After the Pacific War and the end of Japanese rule in 1945, Korea was partitioned along the 38th parallel, with the northern half under Soviet control. This cut the line in half between Sariwŏn and Kaep'ung, with the Korean State Railway of the DPRK—initially the Soviet Army—operating trains between P'yŏngyang and Sariwŏn, and the Korean National Railroad of South Korea operating passenger trains between Seoul and T'osŏng (now Kaep'ung). On 31 December 1950 a train consisting of the locomotive "Mate 10" and 25 cars, going from Hanp'o to Munsan, was ordered to stop at Changdan by the US Army and was destroyed. The locomotive is now on display at Imjingak. The end of the Korean War established the current inner-Korean border, after which the North Korean section of the former Kyongŭi Line was split into two separate lines—the P'yŏngŭi Line from P'yŏngyang north to Sinŭiju, and the P'yŏngbu line from P'yŏngyang south to Kaesŏng, P'anmun and the DMZ.

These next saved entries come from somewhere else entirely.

text \<open>\<open>t \<mapsto> P(X \<in> S, X \<le> t)\<close> is the cdf of the law of \<open>X\<close> restricted to \<open>{X \<in> S}\<close>,
  continuous because \<open>X\<close> has no atoms.\<close>
lemma exists_prob_sublevel_eq:
  fixes X :: "'a \<Rightarrow> real"
  assumes X: "random_variable borel X"
    and no_atoms: "\<And>t. prob {\<omega>\<in>space M. X \<omega> = t} = 0"
    and S: "S \<in> sets borel"
    and \<tau>: "0 < \<tau>" "\<tau> < prob {\<omega>\<in>space M. X \<omega> \<in> S}"
  shows "\<exists>t. prob {\<omega>\<in>space M. X \<omega> \<in> S \<and> X \<omega> \<le> t} = \<tau>"
proof -
  define N where "N = distr (restrict_space M {\<omega>\<in>space M. X \<omega> \<in> S}) borel X"
  interpret N: finite_borel_measure N
    unfolding N_def using X S by (rule finite_borel_measure_restricted_law)
  note measure_N = measure_restricted_law[OF X S, folded N_def]
  have cdf_N: "cdf N t = prob {\<omega>\<in>space M. X \<omega> \<in> S \<and> X \<omega> \<le> t}" for t
    using measure_N[of "{..t}"] by (simp add: cdf_def2)
  have "measure N {t} \<le> prob {\<omega>\<in>space M. X \<omega> = t}" for t
    using measure_N[of "{t}"] X by (auto intro!: finite_measure_mono)
  then have continuous: "isCont (cdf N) t" for t
    using no_atoms N.isCont_cdf by (metis antisym measure_nonneg)
  have "(cdf N \<longlongrightarrow> prob {\<omega>\<in>space M. X \<omega> \<in> S}) at_top"
    using N.cdf_lim_at_top measure_N[of UNIV] by (simp add: N.borel_UNIV)
  then have "\<forall>\<^sub>F t in at_top. \<tau> < cdf N t"
    using \<tau>(2) by (rule order_tendstoD(1))
  then obtain t2 where t2: "\<tau> < cdf N t2"
    by (auto simp: eventually_at_top_linorder)
  have "\<forall>\<^sub>F t in at_bot. cdf N t < \<tau>"
    using N.cdf_lim_at_bot \<tau>(1) by (rule order_tendstoD(2))
  then obtain t1 where t1: "cdf N t1 < \<tau>"
    by (auto simp: eventually_at_bot_linorder)
  have "t1 \<le> t2"
    using N.cdf_nondecreasing[of t2 t1] t1 t2 by linarith
  then obtain t where "cdf N t = \<tau>"
    using IVT'[of "cdf N" t1 \<tau> t2] t1 t2 continuous by (auto intro: continuous_at_imp_continuous_on)
  then show ?thesis
    using cdf_N by auto
qed

lemma prob_less_esssup_pos:
  assumes f: "f \<in> borel_measurable M" and c: "ereal c < esssup M (\<lambda>\<omega>. ereal (f \<omega>))"
  shows "0 < prob {\<omega>\<in>space M. c < f \<omega>}"
proof -
  have "\<not> (AE \<omega> in M. f \<omega> \<le> c)"
  proof
    assume "AE \<omega> in M. f \<omega> \<le> c"
    then have "esssup M (\<lambda>\<omega>. ereal (f \<omega>)) \<le> ereal c"
      using f by (intro esssup_I) auto
    then show False
      using c by simp
  qed
  then show ?thesis
    using f prob_Collect_eq_0[of "\<lambda>\<omega>. c < f \<omega>"] by (auto simp: not_less zero_less_measure_iff)
qed

lemma integral_indicator_comp:
  assumes X: "random_variable N X" and S: "S \<in> sets N"
  shows "(\<integral>\<omega>. indicator S (X \<omega>) \<partial>M) = prob {\<omega>\<in>space M. X \<omega> \<in> S}"
proof -
  have "{\<omega>\<in>space M. X \<omega> \<in> S} \<in> events"
    using X S by measurable
  moreover have "(\<integral>\<omega>. indicator S (X \<omega>) \<partial>M) = (\<integral>\<omega>. indicator {\<omega>\<in>space M. X \<omega> \<in> S} \<omega> \<partial>M :: real)"
    by (intro Bochner_Integration.integral_cong) (auto simp: indicator_def)
  ultimately show ?thesis
    by simp
qed

lemma exists_heavy_event:
  fixes X :: "'a \<Rightarrow> real" and \<phi> :: "real \<Rightarrow> real"
  assumes X[measurable]: "random_variable borel X"
    and no_atoms: "\<And>t. prob {\<omega>\<in>space M. X \<omega> = t} = 0"
    and \<phi>[measurable]: "\<phi> \<in> borel_measurable borel" and \<phi>_int: "integrable M (\<lambda>\<omega>. \<phi> (X \<omega>))"
    and p: "p \<in> {0<..<1}"
    and big: "ereal (1 / (1 - p)) < esssup M (\<lambda>\<omega>. ereal (\<phi> (X \<omega>)))"
  obtains S where "S \<in> sets borel" and "prob {\<omega>\<in>space M. X \<omega> \<in> S} < 1 - p"
    and "prob {\<omega>\<in>space M. X \<omega> \<in> S} < (1 - p) * (\<integral>\<omega>. \<phi> (X \<omega>) * indicator S (X \<omega>) \<partial>M)"
proof -
  obtain c where c: "1 / (1 - p) < c" "ereal c < esssup M (\<lambda>\<omega>. ereal (\<phi> (X \<omega>)))"
    using ereal_dense2[OF big] by auto
  have heavy: "0 < prob {\<omega>\<in>space M. c < \<phi> (X \<omega>)}"
    using c(2) by (intro prob_less_esssup_pos) auto
  define \<tau> where "\<tau> = min (prob {\<omega>\<in>space M. c < \<phi> (X \<omega>)}) (1 - p) / 2"
  have \<tau>: "0 < \<tau>" "\<tau> < prob {\<omega>\<in>space M. X \<omega> \<in> {x. c < \<phi> x}}" "\<tau> < 1 - p"
    using heavy p by (auto simp: \<tau>_def)
  have "{x. c < \<phi> x} \<in> sets borel"
    by measurable
  then obtain t where t: "prob {\<omega>\<in>space M. X \<omega> \<in> {x. c < \<phi> x} \<and> X \<omega> \<le> t} = \<tau>"
    using exists_prob_sublevel_eq[OF X no_atoms _ \<tau>(1,2)] by blast
  define S where "S = {x. c < \<phi> x \<and> x \<le> t}"
  have S: "S \<in> sets borel"
    unfolding S_def by measurable
  have prob_S: "prob {\<omega>\<in>space M. X \<omega> \<in> S} = \<tau>"
    using t by (simp add: S_def)
  have "c * \<tau> = (\<integral>\<omega>. c * indicator S (X \<omega>) \<partial>M)"
    using integral_indicator_comp[OF X S] prob_S by simp
  also have "\<dots> \<le> (\<integral>\<omega>. \<phi> (X \<omega>) * indicator S (X \<omega>) \<partial>M)"
    using S \<phi>_int
    by (intro integral_mono integrable_mult_indicator_comp[OF _ X]) (auto simp: indicator_def S_def)
  finally have "(1 - p) * (c * \<tau>) \<le> (1 - p) * (\<integral>\<omega>. \<phi> (X \<omega>) * indicator S (X \<omega>) \<partial>M)"
    using p by (intro mult_left_mono) auto
  moreover have "\<tau> < (1 - p) * (c * \<tau>)"
  proof -
    have "1 < (1 - p) * c"
      using c(1) p by (simp add: field_simps)
    then show ?thesis
      using mult_strict_left_mono[of 1 "(1 - p) * c" \<tau>] \<tau>(1) by (simp add: ac_simps)
  qed
  ultimately show ?thesis
    using that S prob_S \<tau>(3) by auto
qed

After having been closed since 1948, on 15 June 2000 an inter-Korean Joint Declaration was made, announcing the intention to reconnect the railways between North and South. On 31 July at the ministerial talks it was agreed to reopen the connection between the P'yŏngbu Line and the Gyeongui Line from Kaesŏng to Dorasan through the DMZ. Celebrations marking the reconnection were held on 14 June 2003 in North and South Korea. On 17 May 2007 the first train between North and South crossed the DMZ, carrying invited dignitaries from both sides of the inner-Korean border. The new stations at Sonha and P'anmun were opened at this time. The first scheduled freight train ran on 11 December 2007, carrying construction materials from Munsan in the South to Kaesong, and footwear and clothing on the return trip to the South.

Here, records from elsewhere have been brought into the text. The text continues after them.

(* For every $n\ge2$ and $s\in(0,1/2)$ there exists $g_s:[0,1]\to[0,1]$ such that: (i) $g_s|_{\mathcal{X}_n}\in\mathcal{G}_n^{(1)}$, i.e. the angle map of $g_s|_{\mathcal{X}_n}$ is a multilinear polynomial of degree at most $1$ in $b\in\{0,1\}^n$; (ii) $g_s\in W^{s',2}(0,1)$ for all $s'<s$, but $g_s\notin W^{s,2}(0,1)$.
   Context: $\mathcal{X}_n=\{x_i=i/2^n: i=0,\dots,2^n-1\}$; for $b\in\{0,1\}^n$, $i(b)=\sum_kb_k2^k$. The angle map of $h:\mathcal{X}_n\to[0,1]$ is $\Theta_h(b)=2\arcsin\sqrt{h(x_{i(b)})}$. Every function on $\{0,1\}^n$ has a unique expansion $\sum_{S\subseteq\{0,\dots,n-1\}}c_S\prod_{j\in S}b_j$, with degree $\max\{|S|:c_S\ne0\}$; $\mathcal{G}_n^{(d)}$ is the set of $h:\mathcal{X}_n\to[0,1]$ whose angle map has degree $\le d$. For $s\in(0,1)$, $W^{s,2}(0,1)$ is the fractional Sobolev space of $u\in L^2(0,1)$ with finite Aronszajn–Slobodeckij seminorm $|u|_{W^{s,2}}^2=\int_0^1\int_0^1\frac{|u(x)-u(y)|^2}{|x-y|^{1+2s}}dx\,dy$. *)

theory Defs
  imports "HOL-Analysis.Analysis"
begin

text \<open>Bit vectors b in {0,1}^n, represented extensionally as functions nat => nat
  with values in {0,1} below n and 0 from n on.\<close>
definition cube :: "nat \<Rightarrow> (nat \<Rightarrow> nat) set" where
  "cube n = {b. (\<forall>k<n. b k \<in> {0,1}) \<and> (\<forall>k\<ge>n. b k = 0)}"

definition bidx :: "nat \<Rightarrow> (nat \<Rightarrow> nat) \<Rightarrow> nat" where
  "bidx n b = (\<Sum>k<n. b k * 2 ^ k)"

definition angle_map :: "nat \<Rightarrow> (real \<Rightarrow> real) \<Rightarrow> (nat \<Rightarrow> nat) \<Rightarrow> real" where
  "angle_map n h b = 2 * arcsin (sqrt (h (real (bidx n b) / 2 ^ n)))"

definition mdeg_le :: "nat \<Rightarrow> nat \<Rightarrow> ((nat \<Rightarrow> nat) \<Rightarrow> real) \<Rightarrow> bool" where
  "mdeg_le n d f \<longleftrightarrow> (\<exists>c :: nat set \<Rightarrow> real.
      (\<forall>S. S \<subseteq> {..<n} \<and> card S > d \<longrightarrow> c S = 0) \<and>
      (\<forall>b\<in>cube n. f b = (\<Sum>S\<in>Pow {..<n}. c S * (\<Prod>j\<in>S. real (b j)))))"

definition G_class :: "nat \<Rightarrow> nat \<Rightarrow> (real \<Rightarrow> real) \<Rightarrow> bool" where
  "G_class n d h \<longleftrightarrow> (\<forall>i<(2::nat)^n. h (real i / 2 ^ n) \<in> {0..1}) \<and> mdeg_le n d (angle_map n h)"

definition in_Wsp :: "real \<Rightarrow> (real \<Rightarrow> real) \<Rightarrow> bool" where
  "in_Wsp s u \<longleftrightarrow>
     set_borel_measurable lebesgue {0<..<1} u \<and>
     set_integrable lebesgue {0<..<1} (\<lambda>x. (u x)\<^sup>2) \<and>
     (\<integral>\<^sup>+ x. \<integral>\<^sup>+ y. indicator ({0<..<1} \<times> {0<..<1}) (x, y) *
         ennreal ((u x - u y)\<^sup>2 / \<bar>x - y\<bar> powr (1 + 2 * s)) \<partial>lebesgue \<partial>lebesgue) < \<infinity>"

The rebuilt station at Pongdong between Sonha and P'anmun was also opened on this date. From then on, freight trains from the south to the Kaesŏng Industrial District were operated until 28 November 2008, when the North temporarily closed the line due to changes in the political situation. On 25 August 2009 it was closed once again, subsequently reopening on 1 December of that year. Tensions between North and South escalated again in 2013, leading to the closure of the border again on 4 May of that year, remaining closed until 16 September when it was reopened. As of 10 February 2016 the border crossing is once again closed.

== Services ==
===Freight===

Freight forwarded on the line is greatly dependent on the direction of movement. Between Taedonggang and Hwangju, southbound freight traffic is 1.8 to 2 times greater than northbound, between Sariwŏn and P'yŏngsan, 56% of freight traffic is northbound, slightly higher than southbound.

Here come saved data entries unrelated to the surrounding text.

lemma expansion_difference_equation:
  assumes q: "norm q < 1" and Z: "norm Z < 1"
  shows "(1 - Z) * (\<Sum>n. expansion_term q g Z n) = (1 - g * Z) * (\<Sum>n. expansion_term q g (q * Z) n)"
proof (rule sums_eq_if_telescoping[where R = "\<lambda>n. (1 - Z) * (1 - q ^ n) * expansion_coeff q g Z n"])
  have qZ: "norm (q * Z) < 1"
    using norm_power_mult_less_1[OF q Z, of 1] by simp
  show "(\<lambda>n. (1 - Z) * expansion_term q g Z n) sums ((1 - Z) * (\<Sum>n. expansion_term q g Z n))"
    "(\<lambda>n. (1 - g * Z) * expansion_term q g (q * Z) n)
       sums ((1 - g * Z) * (\<Sum>n. expansion_term q g (q * Z) n))"
    by (intro sums_mult summable_sums summable_norm_cancel[OF summable_norm_expansion_term] q Z qZ)+
  show "(1 - Z) * expansion_term q g Z n - (1 - g * Z) * expansion_term q g (q * Z) n
      = (1 - Z) * (1 - q ^ n) * expansion_coeff q g Z n
        - (1 - Z) * (1 - q ^ Suc n) * expansion_coeff q g Z (Suc n)" for n
    by (rule expansion_term_telescoping[OF q Z])
  have "(\<lambda>n. (1 - Z) * (1 - q ^ n) * expansion_coeff q g Z n) \<longlonglongrightarrow> (1 - Z) * (1 - 0) * 0"
    by (intro tendsto_intros LIMSEQ_power_zero expansion_coeff_LIMSEQ_0 q Z)
  thus "(\<lambda>n. (1 - Z) * (1 - q ^ n) * expansion_coeff q g Z n) \<longlonglongrightarrow> 0"
    by simp
qed simp

lemma expansion_LIMSEQ_1:
  assumes q: "norm q < 1" and Z: "norm Z < 1"
  shows "(\<lambda>k. \<Sum>n. expansion_term q g (q ^ k * Z) n) \<longlonglongrightarrow> 1"
proof -
  have W0: "(\<lambda>k. q ^ k * Z) \<longlonglongrightarrow> 0"
    using tendsto_mult_left_zero[OF LIMSEQ_power_zero[OF q], of Z] .
  have "(\<lambda>k. expansion_term q g (q ^ k * Z) n) \<longlonglongrightarrow> expansion_term q g 0 n" for n
    unfolding expansion_term_def expansion_coeff_eq
    by (intro tendsto_intros qpoch_tendsto W0) (simp add: qpoch_q_nonzero[OF q])
  moreover have "norm (expansion_term q g (q ^ k * Z) n) \<le> (1 + norm g) * expansion_majorant q g (norm Z) n"
    for k n
    using norm_expansion_term_le[OF q norm_power_mult_le Z] q by simp
  ultimately have "(\<lambda>k. \<Sum>n. expansion_term q g (q ^ k * Z) n) \<longlonglongrightarrow> (\<Sum>n. expansion_term q g 0 n)"
    using tannerys_theorem[of "\<lambda>n k. expansion_term q g (q ^ k * Z) n" "expansion_term q g 0"
        sequentially "\<lambda>n. (1 + norm g) * expansion_majorant q g (norm Z) n"]
      summable_mult[OF summable_expansion_majorant[OF q]]
    by (auto intro: always_eventually)
  moreover have "expansion_term q g 0 = (\<lambda>n. if n = 0 then 1 else 0)"
    by (auto simp: fun_eq_iff expansion_term_def expansion_coeff_eq)
  ultimately show ?thesis
    using sums_single[of 0 "\<lambda>_. 1::complex"] by (simp add: sums_iff)
qed

theorem qbinomial_eq_expansion:
  assumes "norm q < 1" and "norm Z < 1"
  shows "qphi [g] [] q Z = (\<Sum>n. expansion_term q g Z n)"
  using assms
  by (intro q_difference_solution_unique[where \<Phi> = "qphi [g] [] q" and g = g])
     (auto intro: qbinomial_difference_equation expansion_difference_equation
        qbinomial_LIMSEQ_1 expansion_LIMSEQ_1)

section \<open>Euler's transformation\<close>

lemma convolution_partial_sum_step:
  fixes A B C g p0 p1 q r t u :: complex
  assumes P: "p1 * (1 - q * u) = p0 * (1 - g * u)" and u: "1 - q * u \<noteq> 0"
    and g: "g = A * B / C" and nonzero: "A \<noteq> 0" "B \<noteq> 0" "C \<noteq> 0"
  shows "- q * u * p1 * r * (1 - q * t) * (1 - C * t)
           + ((1 - q * (u * (q * t))) * (1 - C * (u * (q * t))) * p1
              - (1 - A * (u * (q * t))) * (1 - B * (u * (q * t))) * p0) * r
       = - u * p0 * r * (1 - C / A * (q * t)) * (1 - C / B * (q * t)) * g"
proof -
  have "p1 = p0 * (1 - g * u) / (1 - q * u)"
    using P u by (simp add: field_simps)
  thus ?thesis
    using u nonzero by (simp add: g field_simps) algebra
qed

text \<open>\<open>P\<close> and \<open>Q\<close> are the coefficient sequences of \<open>\<^sub>1\<phi>\<^sub>0(g; q, W)\<close> and
  \<open>\<^sub>2\<phi>\<^sub>1(C/A, C/B; C; q, gW)\<close>, given by their recurrences.\<close>
context
  fixes A B C g q :: complex and P Q :: "nat \<Rightarrow> complex"
  assumes P: "\<And>j. P (Suc j) * (1 - q * q ^ j) = P j * (1 - g * q ^ j)"
    and Q: "\<And>k. Q (Suc k) * (1 - q * q ^ k) * (1 - C * q ^ k)
                 = Q k * (1 - C / A * q ^ k) * (1 - C / B * q ^ k) * g"
    and g: "g = A * B / C" and nonzero: "A \<noteq> 0" "B \<noteq> 0" "C \<noteq> 0" "\<And>j. 1 - q * q ^ j \<noteq> 0"
begin

text \<open>The right-hand side is the telescoping certificate for the recurrence of the convolution
  of \<open>P\<close> and \<open>Q\<close>.\<close>
lemma convolution_partial_sum:
  shows "M \<le> N \<Longrightarrow>
    (\<Sum>k\<le>M. ((1 - q * q ^ N) * (1 - C * q ^ N) * P (Suc N - k) - (1 - A * q ^ N) * (1 - B * q ^ N) * P (N - k)) * Q k)
      = - (q ^ (N - M) * P (N - M) * Q (Suc M) * (1 - q * q ^ M) * (1 - C * q ^ M))"
proof (induction M)
  case 0
  define u where "u = q ^ N"
  have P0: "(1 - q * u) * P (Suc N) = (1 - g * u) * P N"
    using P[of N] by (simp add: u_def mult.commute)
  have poly: "(1 - C * u) * (1 - g * u) - (1 - A * u) * (1 - B * u) = - u * (1 - C / A) * (1 - C / B) * g"
    using nonzero by (simp add: g field_simps)
  have "(1 - q * u) * (1 - C * u) * P (Suc N) - (1 - A * u) * (1 - B * u) * P N
      = (1 - C * u) * ((1 - q * u) * P (Suc N)) - (1 - A * u) * (1 - B * u) * P N"
    by (simp add: ac_simps)
  also have "\<dots> = P N * ((1 - C * u) * (1 - g * u) - (1 - A * u) * (1 - B * u))"
    unfolding P0 by (simp add: algebra_simps)
  also have "\<dots> = - (u * P N * (1 - C / A) * (1 - C / B) * g)"
    unfolding poly by (simp add: algebra_simps)
  finally show ?case
    using Q[of 0] by (simp add: u_def ac_simps)
next
  case (Suc M)
  define m where "m = N - Suc M"
  define u t where "u = q ^ m" and "t = q ^ M"
  have N: "N - M = Suc m" "Suc N - Suc M = Suc m" "N - Suc M = m" and qN: "q ^ N = u * (q * t)"
    using Suc.prems by (simp_all add: m_def u_def t_def flip: power_add power_Suc)
  have "- q * u * P (Suc m) * Q (Suc M) * (1 - q * t) * (1 - C * t)
        + ((1 - q * (u * (q * t))) * (1 - C * (u * (q * t))) * P (Suc m)
           - (1 - A * (u * (q * t))) * (1 - B * (u * (q * t))) * P m) * Q (Suc M)
      = - u * P m * Q (Suc M) * (1 - C / A * (q * t)) * (1 - C / B * (q * t)) * g"
    using P[of m] nonzero(4)[of m] unfolding u_def[symmetric]
    by (intro convolution_partial_sum_step[OF _ _ g nonzero(1-3)]) (simp_all add: ac_simps)
  also have "\<dots> = - (u * P m * (Q (Suc (Suc M)) * (1 - q * (q * t)) * (1 - C * (q * t))))"
    using Q[of "Suc M"] by (simp add: t_def ac_simps)
  finally show ?case
    using Suc by (simp add: N qN u_def t_def ac_simps)
qed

Sariwŏn Ch'ŏngnyŏn station is the most important in freight traffic, having a large, automated freight sorting yard. Important freight yards are also in Chunghwa, Hwangju, P'yŏngsan, Sŏhŭng and Kaesŏng. Major commodities arriving at Sariwŏn include anthracite, fertilizer, steel, logs, stone, sand, and gravel. Freight arriving to Kaesŏng includes anthracite, wood, fertilizer, salt, steel, and cement, while outbound shipments from Kaesŏng are made up of granite and iron ore towards the north, and (when the border crossing is open) clothing, footwear and other products from the Kaesong Industrial Complex.

The P'yŏngbu Line serves important industries such as the Hwanghae Iron & Steel Complex, the February 8 Cement Complex, the Sariwŏn Textile Factory, the Haeju Industrial Zone via the Hwanghae Ch'ŏngnyŏn Line, as well as several mines, quarries, and other small- and medium-sized industries in South Hwanghae province. Further, as it runs through one of North Korea's most important agricultural areas, grain, fertiliser, pesticides and agricultural machinery make up a large part of freight moved on the line.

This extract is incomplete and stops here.